Look at the spec sheets of different iPads and you’ll notice two very different families of Apple chips: the A series and the M series. Understanding the difference helps you gauge how much “future-proofing” a model actually has before you buy it.

What it is, in detail

A-series chips (like the A16 on the base iPad or the A17 Pro on the iPad mini) are the same processor family used on iPhone, adapted for tablets. They’re designed to balance power and energy consumption in a compact device, and offer more than enough performance for browsing, streaming, light productivity, and most available apps.

M-series chips (like the M4 on the iPad Air, M5 on the iPad Pro) are instead the same processor family used on Mac computers, adapted for iPad. They offer more CPU cores and, above all, a much more powerful GPU, plus support for more RAM: this translates into much wider headroom for heavy multitasking, video editing, 3D rendering, and professional graphics apps.

Why it’s not just “a higher letter/number is better”

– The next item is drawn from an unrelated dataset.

(* Let $n,l\in\mathbb{N}^*$ and let $\beta\in\mathcal B_n$ be a braid whose closure is a knot. Let $Q(\beta)$ be its quantum representation on $(\mathbf V^l)^{\otimes n}$. Then \[ \operatorname{Tr}\big(Q(\beta)K^{-1},S_{n,l}\big)=\operatorname{Tr}\big(Q(\beta)K^{-1},\mathcal S^l\big). \]
   Context: Let $\mathcal{R}=\mathbb{Z}[s^{\pm1},q^{\pm1}]$, $s=q^{\alpha}$; $[i]_q=\frac{q^i-q^{-i}}{q-q^{-1}}$, $[k]_q!=\prod_{i\le k}[i]_q$, $\binom{k}{j}_q=\frac{[k]_q!}{[k-j]_q![j]_q!}$. The Verma module $V^s$ is free over $\mathcal R$ with basis $v_0,v_1,\dots$ and operators $Kv_j=sq^{-2j}v_j$, $Ev_j=v_{j-1}$ ($v_{-1}=0$), $F^{(m)}v_j=\binom{m+j}{j}_q\prod_{k=0}^{m-1}(sq^{-k-j}-s^{-1}q^{j+k})v_{j+m}$. Let $\mathrm{R}=q^{-\alpha^2/2}\,T\circ q^{H\otimes H/2}\circ\sum_{m\ge0}q^{m(m-1)/2}E^m\otimes F^{(m)}$ on $V^s\otimes V^s$, with $q^{H\otimes H/2}(v_i\otimes v_j)=q^{(\alpha-2i)(\alpha-2j)/2}v_i\otimes v_j$ and $T$ the flip; $Q(\sigma_i)=\mathrm{id}^{\otimes(i-1)}\otimes\mathrm R\otimes\mathrm{id}^{\otimes(n-i-1)}$ defines a representation $Q$ of the braid group $\mathcal B_n$ on $(V^s)^{\otimes n}$, and $K$ acts by $K^{\otimes n}$. Let $\mathbf V^l=V^s\otimes_{s\mapsto q^l}\mathbb{Z}[q^{\pm1}]$ with the specialized operators. $S_{n,l}\subset(\mathbf V^l)^{\otimes n}$ is the span of the vectors $v_{i_1}\otimes\cdots\otimes v_{i_n}$ with $\sum_j i_j\le nl$ (the sum of the weight spaces $\ker(K-q^{nl-2r})$, $0\le r\le nl$), and $\mathcal S^l=(S^l)^{\otimes n}$, where $S^l=\mathrm{span}(v_0,\dots,v_l)$, is the span of those with all $i_j\le l$; both are stable under $Q(\mathcal B_n)$ and $K$. $\operatorname{Tr}(f,Z)$ denotes the trace of $f$ restricted to $Z$. *)

theory Defs
  imports "HOL-Computational_Algebra.Formal_Laurent_Series" "Jordan_Normal_Form.Matrix"
begin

It’s easy to assume an M-series chip is always “better” than an A-series one, but the right question is: do you actually need that extra power? For everyday use — email, social media, streaming, browsing — even recent A-series chips aren’t a real limitation. The difference only becomes noticeable once the workload increases significantly.

What to actually look at

If you’re weighing an iPad and wondering whether an A-series chip is enough, think about the apps you’ll genuinely use: if they stay light (browser, email, streaming, notes), an A-series chip is perfectly fine. If you’re planning on video editing, professional graphics apps, or multitasking with several apps open at once, an M-series chip gives you a performance margin you’ll appreciate over time, not just at launch.